Data for analysis: Begin
(* Let $n\ge 3$ and let $G$ be a graph on $2n$ vertices with at least $n^2-1$ edges that contains no two distinct vertices of the same degree joined by a path of length three. Let $\beta$ be the largest integer such that $G$ contains two distinct vertices of degree $\beta$, and let $\Delta$ be the maximum degree of $G$. Then $3\le\beta\le\Delta$.
   Context: A path of length three joining vertices $a$ and $b$ is a path $a\,x\,y\,b$ with four distinct vertices and three edges. Graphs are finite and simple. *)

theory Defs
  imports Main
begin

definition simple_graph :: "'a set \<Rightarrow> ('a \<Rightarrow> 'a \<Rightarrow> bool) \<Rightarrow> bool" where
  "simple_graph V E \<longleftrightarrow> finite V \<and> (\<forall>u v. E u v \<longrightarrow> u \<in> V \<and> v \<in> V)
     \<and> (\<forall>u v. E u v \<longrightarrow> E v u) \<and> (\<forall>u. \<not> E u u)"

definition degree :: "'a set \<Rightarrow> ('a \<Rightarrow> 'a \<Rightarrow> bool) \<Rightarrow> 'a \<Rightarrow> nat" where
  "degree V E v = card {u \<in> V. E v u}"

definition edges :: "'a set \<Rightarrow> ('a \<Rightarrow> 'a \<Rightarrow> bool) \<Rightarrow> 'a set set" where
  "edges V E = {{u, v} | u v. u \<in> V \<and> v \<in> V \<and> E u v}"

definition path3 :: "'a set \<Rightarrow> ('a \<Rightarrow> 'a \<Rightarrow> bool) \<Rightarrow> 'a \<Rightarrow> 'a \<Rightarrow> bool" where
  "path3 V E a b \<longleftrightarrow> (\<exists>x y. a \<in> V \<and> x \<in> V \<and> y \<in> V \<and> b \<in> V \<and>
     distinct [a, x, y, b] \<and> E a x \<and> E x y \<and> E y b)"

definition repeated_degrees :: "'a set \<Rightarrow> ('a \<Rightarrow> 'a \<Rightarrow> bool) \<Rightarrow> nat set" where
  "repeated_degrees V E = {d. \<exists>u \<in> V. \<exists>v \<in> V. u \<noteq> v \<and> degree V E u = d \<and> degree V E v = d}"

definition max_degree :: "'a set \<Rightarrow> ('a \<Rightarrow> 'a \<Rightarrow> bool) \<Rightarrow> nat" where
  "max_degree V E = Max (degree V E ` V)"

end

theory Submission imports Defs begin

text \<open>The degree sum is at least 2(n^2-1); suppose the vertices of degree at least 3 had
  pairwise distinct degrees. If no vertex is adjacent to all others, every degree is at most
  2n-2, so the excesses d-2 of the high degrees are distinct numbers in 1..2n-4 and the degree
  sum is at most 4n + (n-2)(2n-3), too small. If some z is adjacent to all others, another
  high-degree vertex y cannot have two neighbours u, v of degree at most 2: both would have
  degree exactly 2 (being adjacent to y and z), and u y z v would be a path of length three.
  So deg y is at most the number of high-degree vertices, and distinctness leaves z as the
  only one; then the degree sum is at most 3(2n-1), again too small.\<close>

lemma simple_graph_finite: "simple_graph V E \<Longrightarrow> finite V"
  and simple_graph_sym: "simple_graph V E \<Longrightarrow> E u v \<Longrightarrow> E v u"
  and simple_graph_irrefl: "simple_graph V E \<Longrightarrow> \<not> E u u"
  unfolding simple_graph_def by blast+

lemma degree_le_card_minus_one:
  assumes g: "simple_graph V E" and v: "v \<in> V"
  shows "degree V E v \<le> card V - 1"
proof -
  have "{u \<in> V. E v u} \<subseteq> V - {v}" using simple_graph_irrefl[OF g] by auto
  then have "degree V E v \<le> card (V - {v})"
    unfolding degree_def using simple_graph_finite[OF g] by (intro card_mono) auto
  then show ?thesis using v simple_graph_finite[OF g] by simp
qed

lemma adjacent_if_degree_eq_card_minus_one:
  assumes g: "simple_graph V E" and z: "z \<in> V" "degree V E z = card V - 1"
    and w: "w \<in> V" "w \<noteq> z"
  shows "E z w"
proof -
  have "{u \<in> V. E z u} = V - {z}"
  proof (rule card_subset_eq)
    show "finite (V - {z})" using simple_graph_finite[OF g] by simp
    show "{u \<in> V. E z u} \<subseteq> V - {z}" using simple_graph_irrefl[OF g] by auto
    show "card {u \<in> V. E z u} = card (V - {z})"
      using z simple_graph_finite[OF g] unfolding degree_def by simp
  qed
  then show ?thesis using w by blast
qed

lemma degree_sum_eq_twice_card_edges:
  assumes g: "simple_graph V E"
  shows "(\<Sum>v\<in>V. degree V E v) = 2 * card (edges V E)"
proof -
  have fin: "finite V" using simple_graph_finite[OF g] .
  define arcs where "arcs = (SIGMA v:V. {u \<in> V. E v u})"
  define arcs_of where "arcs_of e = {p \<in> arcs. {fst p, snd p} = e}" for e
  have "card arcs = (\<Sum>v\<in>V. degree V E v)"
    unfolding arcs_def degree_def using fin by (subst card_SigmaI) auto
  moreover have "arcs = (\<Union>e\<in>edges V E. arcs_of e)"
    unfolding arcs_def arcs_of_def edges_def by fastforce
  moreover have "card (\<Union>e\<in>edges V E. arcs_of e) = (\<Sum>e\<in>edges V E. card (arcs_of e))"
  proof (rule card_UN_disjoint)
    have "edges V E \<subseteq> Pow V" unfolding edges_def by auto
    then show "finite (edges V E)" using fin by (meson finite_Pow_iff finite_subset)
    show "\<forall>e\<in>edges V E. finite (arcs_of e)" unfolding arcs_of_def arcs_def using fin by auto
  qed (auto simp: arcs_of_def)
  moreover have "card (arcs_of e) = 2" if e_edge: "e \<in> edges V E" for e
  proof -
    obtain a b where e: "e = {a, b}" "a \<in> V" "b \<in> V" "E a b"
      using e_edge unfolding edges_def by blast
    have "a \<noteq> b" using e simple_graph_irrefl[OF g] by auto
    moreover have "arcs_of e = {(a, b), (b, a)}"
      unfolding arcs_of_def arcs_def using e simple_graph_sym[OF g] \<open>a \<noteq> b\<close>
      by (auto simp: doubleton_eq_iff)
    ultimately show ?thesis by simp
  qed
  ultimately show ?thesis by simp
qed

lemma sum_le_if_inj_on_values_ge_3:
  fixes f :: "'a \<Rightarrow> nat"
  assumes fin: "finite V" and inj: "inj_on f {v \<in> V. 3 \<le> f v}" and bound: "\<forall>v\<in>V. f v \<le> b"
  shows "(\<Sum>v\<in>V. f v) \<le> 2 * card V + (\<Sum>d\<in>{3..b}. d - 2)"
proof -
  have "(\<Sum>v\<in>V. f v) \<le> (\<Sum>v\<in>V. 2 + (f v - 2))" by (intro sum_mono) auto
  also have "\<dots> = 2 * card V + (\<Sum>v\<in>V. f v - 2)" by (subst sum.distrib) simp
  also have "(\<Sum>v\<in>V. f v - 2) = (\<Sum>v\<in>{v \<in> V. 3 \<le> f v}. f v - 2)"
    using fin by (intro sum.mono_neutral_right) auto
  also have "\<dots> = (\<Sum>d\<in>f ` {v \<in> V. 3 \<le> f v}. d - 2)" using inj by (simp add: sum.reindex)
  also have "\<dots> \<le> (\<Sum>d\<in>{3..b}. d - 2)" using bound by (intro sum_mono2) auto
  finally show ?thesis by simp
qed

lemma sum_atLeastAtMost_3_minus_2: "(\<Sum>d\<in>{3..2*m+2}. d - 2) = m * (2*m + 1::nat)"
proof (induction m)
  case (Suc m)
  have "{3..2 * Suc m + 2} = insert (2*m + 4) (insert (2*m + 3) {3..2*m + 2})" by auto
  then show ?case using Suc by (simp add: algebra_simps)
qed simp

lemma singleton_if_inj_on_values_le_card:
  fixes f :: "'a \<Rightarrow> nat"
  assumes fin: "finite H" and inj: "inj_on f H" and z: "z \<in> H"
    and bounds: "\<And>y. y \<in> H \<Longrightarrow> y \<noteq> z \<Longrightarrow> 3 \<le> f y \<and> f y \<le> card H"
  shows "H = {z}"
proof -
  have "f ` (H - {z}) \<subseteq> {3..card H}" by (force dest: bounds)
  then have "card (f ` (H - {z})) \<le> card {3..card H}" by (intro card_mono) auto
  moreover have "card (f ` (H - {z})) = card H - 1"
    using inj z fin by (simp add: card_image inj_on_diff)
  moreover have "card H \<noteq> 0" using z fin by auto
  ultimately have "card H = 1" by simp
  then show ?thesis using z by (metis card_1_singletonE singletonD)
qed

lemma card_low_degree_neighbours_le_1:
  assumes g: "simple_graph V E"
    and no_path: "\<forall>a \<in> V. \<forall>b \<in> V. a \<noteq> b \<and> degree V E a = degree V E b \<longrightarrow> \<not> path3 V E a b"
    and z: "z \<in> V" "3 \<le> degree V E z" and dominating: "\<forall>w\<in>V. w \<noteq> z \<longrightarrow> E z w"
    and y: "y \<in> V" "y \<noteq> z"
  shows "card {w \<in> V. E y w \<and> degree V E w < 3} \<le> 1"
proof (rule ccontr)
  let ?L = "{w \<in> V. E y w \<and> degree V E w < 3}"
  assume "\<not> card ?L \<le> 1"
  moreover have "finite ?L" using simple_graph_finite[OF g] by simp
  ultimately obtain u v where uv: "u \<in> ?L" "v \<in> ?L" "u \<noteq> v"
    by (auto simp: card_le_Suc0_iff_eq)
  have degree_2: "degree V E w = 2" if w: "w \<in> ?L" for w
  proof -
    have "w \<noteq> z" using w z by auto
    then have "{z, y} \<subseteq> {x \<in> V. E w x}"
      using w y z dominating simple_graph_sym[OF g] by auto
    then have "card {z, y} \<le> degree V E w"
      unfolding degree_def using simple_graph_finite[OF g] by (intro card_mono) auto
    then show ?thesis using w y by simp
  qed
  have "u \<noteq> z" "v \<noteq> z" "u \<noteq> y" "v \<noteq> y"
    using uv z simple_graph_irrefl[OF g] by auto
  then have "path3 V E u v"
    unfolding path3_def using uv y z dominating simple_graph_sym[OF g]
    by (intro exI[of _ y] exI[of _ z]) auto
  moreover have "degree V E u = degree V E v" using degree_2[OF uv(1)] degree_2[OF uv(2)] by simp
  ultimately show False using no_path uv by auto
qed

lemma degree_le_card_high_degree_vertices:
  assumes g: "simple_graph V E"
    and no_path: "\<forall>a \<in> V. \<forall>b \<in> V. a \<noteq> b \<and> degree V E a = degree V E b \<longrightarrow> \<not> path3 V E a b"
    and z: "z \<in> V" "3 \<le> degree V E z" and dominating: "\<forall>w\<in>V. w \<noteq> z \<longrightarrow> E z w"
    and y: "y \<in> V" "y \<noteq> z" "3 \<le> degree V E y"
  shows "degree V E y \<le> card {v \<in> V. 3 \<le> degree V E v}"
proof -
  let ?H = "{v \<in> V. 3 \<le> degree V E v}"
  let ?L = "{w \<in> V. E y w \<and> degree V E w < 3}"
  have fin: "finite ?H" "finite ?L" using simple_graph_finite[OF g] by simp_all
  have "{w \<in> V. E y w} \<subseteq> (?H - {y}) \<union> ?L" using simple_graph_irrefl[OF g] by auto
  then have "degree V E y \<le> card ((?H - {y}) \<union> ?L)"
    unfolding degree_def[of V E y] using fin by (intro card_mono) auto
  also have "\<dots> \<le> card (?H - {y}) + card ?L" by (rule card_Un_le)
  also have "\<dots> \<le> (card ?H - 1) + 1"
    using card_low_degree_neighbours_le_1[OF g no_path z dominating y(1,2)] y fin by simp
  also have "\<dots> = card ?H"
  proof -
    have "y \<in> ?H" using y by simp
    then have "card ?H \<noteq> 0" using fin by auto
    then show ?thesis by simp
  qed
  finally show ?thesis .
qed

lemma degree_sum_le_with_dominating_vertex:
  assumes g: "simple_graph V E"
    and no_path: "\<forall>a \<in> V. \<forall>b \<in> V. a \<noteq> b \<and> degree V E a = degree V E b \<longrightarrow> \<not> path3 V E a b"
    and inj: "inj_on (degree V E) {v \<in> V. 3 \<le> degree V E v}"
    and z: "z \<in> V" "degree V E z = card V - 1" and V4: "4 \<le> card V"
  shows "(\<Sum>v\<in>V. degree V E v) \<le> 3 * (card V - 1)"
proof -
  let ?H = "{v \<in> V. 3 \<le> degree V E v}"
  have fin: "finite V" using simple_graph_finite[OF g] .
  have z3: "3 \<le> degree V E z" using z V4 by simp
  have dominating: "\<forall>w\<in>V. w \<noteq> z \<longrightarrow> E z w"
    using adjacent_if_degree_eq_card_minus_one[OF g z] by blast
  have "?H = {z}"
    using fin inj z z3 degree_le_card_high_degree_vertices[OF g no_path z(1) z3 dominating]
    by (intro singleton_if_inj_on_values_le_card) auto
  then have low: "degree V E v \<le> 2" if "v \<in> V" "v \<noteq> z" for v
    using that by (metis (no_types, lifting) mem_Collect_eq singletonD not_less_eq_eq numeral_3_eq_3 numeral_2_eq_2)
  have "(\<Sum>v\<in>V. degree V E v) = degree V E z + (\<Sum>v\<in>V - {z}. degree V E v)"
    using z fin by (simp add: sum.remove)
  also have "(\<Sum>v\<in>V - {z}. degree V E v) \<le> (\<Sum>v\<in>V - {z}. 2)" using low by (intro sum_mono) auto
  finally show ?thesis using z fin by simp
qed

lemma degree_sum_le_without_dominating_vertex:
  assumes g: "simple_graph V E"
    and inj: "inj_on (degree V E) {v \<in> V. 3 \<le> degree V E v}"
    and not_dominating: "\<forall>v\<in>V. degree V E v \<noteq> card V - 1"
  shows "(\<Sum>v\<in>V. degree V E v) \<le> 2 * card V + (\<Sum>d\<in>{3..card V - 2}. d - 2)"
proof (rule sum_le_if_inj_on_values_ge_3[OF simple_graph_finite[OF g] inj])
  show "\<forall>v\<in>V. degree V E v \<le> card V - 2"
  proof
    fix v assume "v \<in> V"
    then show "degree V E v \<le> card V - 2"
      using degree_le_card_minus_one[OF g] not_dominating by fastforce
  qed
qed

lemma repeated_degree_ge_3:
  fixes V :: "'a set" and E :: "'a \<Rightarrow> 'a \<Rightarrow> bool" and n :: nat
  assumes g: "simple_graph V E" and n3: "n \<ge> 3" and card_V: "card V = 2 * n"
    and card_edges: "card (edges V E) \<ge> n\<^sup>2 - 1"
    and no_path: "\<forall>a \<in> V. \<forall>b \<in> V. a \<noteq> b \<and> degree V E a = degree V E b \<longrightarrow> \<not> path3 V E a b"
  obtains u v where "u \<in> V" "v \<in> V" "u \<noteq> v" "degree V E u = degree V E v" "3 \<le> degree V E u"
proof -
  have "\<not> inj_on (degree V E) {v \<in> V. 3 \<le> degree V E v}"
  proof
    assume inj: "inj_on (degree V E) {v \<in> V. 3 \<le> degree V E v}"
    have lower: "2 * n\<^sup>2 - 2 \<le> (\<Sum>v\<in>V. degree V E v)"
      using degree_sum_eq_twice_card_edges[OF g] card_edges by linarith
    obtain m where m: "n = m + 3" using n3 by (metis add.commute le_iff_add)
    show False
    proof (cases "\<exists>z\<in>V. degree V E z = card V - 1")
      case True
      then obtain z where "z \<in> V" "degree V E z = card V - 1" by blast
      then have "(\<Sum>v\<in>V. degree V E v) \<le> 3 * (2 * n - 1)"
        using degree_sum_le_with_dominating_vertex[OF g no_path inj] card_V n3 by simp
      then show False using lower m by (simp add: power2_eq_square algebra_simps)
    next
      case False
      then have "(\<Sum>v\<in>V. degree V E v) \<le> 2 * card V + (\<Sum>d\<in>{3..card V - 2}. d - 2)"
        using degree_sum_le_without_dominating_vertex[OF g inj] by blast
      also have "card V - 2 = 2 * (m + 1) + 2" using card_V m by simp
      also have "(\<Sum>d\<in>{3..2 * (m + 1) + 2}. d - 2) = (m + 1) * (2 * (m + 1) + 1)"
        by (rule sum_atLeastAtMost_3_minus_2)
      finally show False using lower m card_V by (simp add: power2_eq_square algebra_simps)
    qed
  qed
  then show thesis using that unfolding inj_on_def by blast
qed

lemma finite_repeated_degrees:
  assumes "simple_graph V E"
  shows "finite (repeated_degrees V E)"
proof (rule finite_subset)
  show "repeated_degrees V E \<subseteq> degree V E ` V" unfolding repeated_degrees_def by blast
  show "finite (degree V E ` V)" using simple_graph_finite[OF assms] by simp
qed

lemma Max_repeated_degrees_le_max_degree:
  assumes g: "simple_graph V E" and nonempty: "repeated_degrees V E \<noteq> {}"
  shows "Max (repeated_degrees V E) \<le> max_degree V E"
  unfolding max_degree_def
proof (rule Max_mono)
  show "repeated_degrees V E \<subseteq> degree V E ` V" unfolding repeated_degrees_def by blast
qed (use nonempty simple_graph_finite[OF g] in auto)

theorem lemma3p2:
  fixes V :: "'a set" and E :: "'a \<Rightarrow> 'a \<Rightarrow> bool" and n :: nat
  assumes "simple_graph V E"
    and "n \<ge> 3"
    and "card V = 2 * n"
    and "card (edges V E) \<ge> n\<^sup>2 - 1"
    and "\<forall>a \<in> V. \<forall>b \<in> V. a \<noteq> b \<and> degree V E a = degree V E b \<longrightarrow> \<not> path3 V E a b"
  shows "repeated_degrees V E \<noteq> {} \<and>
         3 \<le> Max (repeated_degrees V E) \<and> Max (repeated_degrees V E) \<le> max_degree V E"
proof -
  obtain u v where uv: "u \<in> V" "v \<in> V" "u \<noteq> v" "degree V E u = degree V E v" "3 \<le> degree V E u"
    using repeated_degree_ge_3[OF assms] .
  then have repeated: "degree V E u \<in> repeated_degrees V E"
    unfolding repeated_degrees_def by auto
  then have "3 \<le> Max (repeated_degrees V E)"
    using Max_ge[OF finite_repeated_degrees[OF assms(1)]] uv(5) order_trans by blast
  then show ?thesis
    using repeated Max_repeated_degrees_le_max_degree[OF assms(1)] by blast
qed

end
Data for analysis: End
Task requirements:
From the data above, copy each line that holds "finally".

Reply:
  finally show ?thesis by simp
  finally show ?thesis .
  finally show ?thesis using z fin by simp
      finally show False using lower m card_V by (simp add: power2_eq_square algebra_simps)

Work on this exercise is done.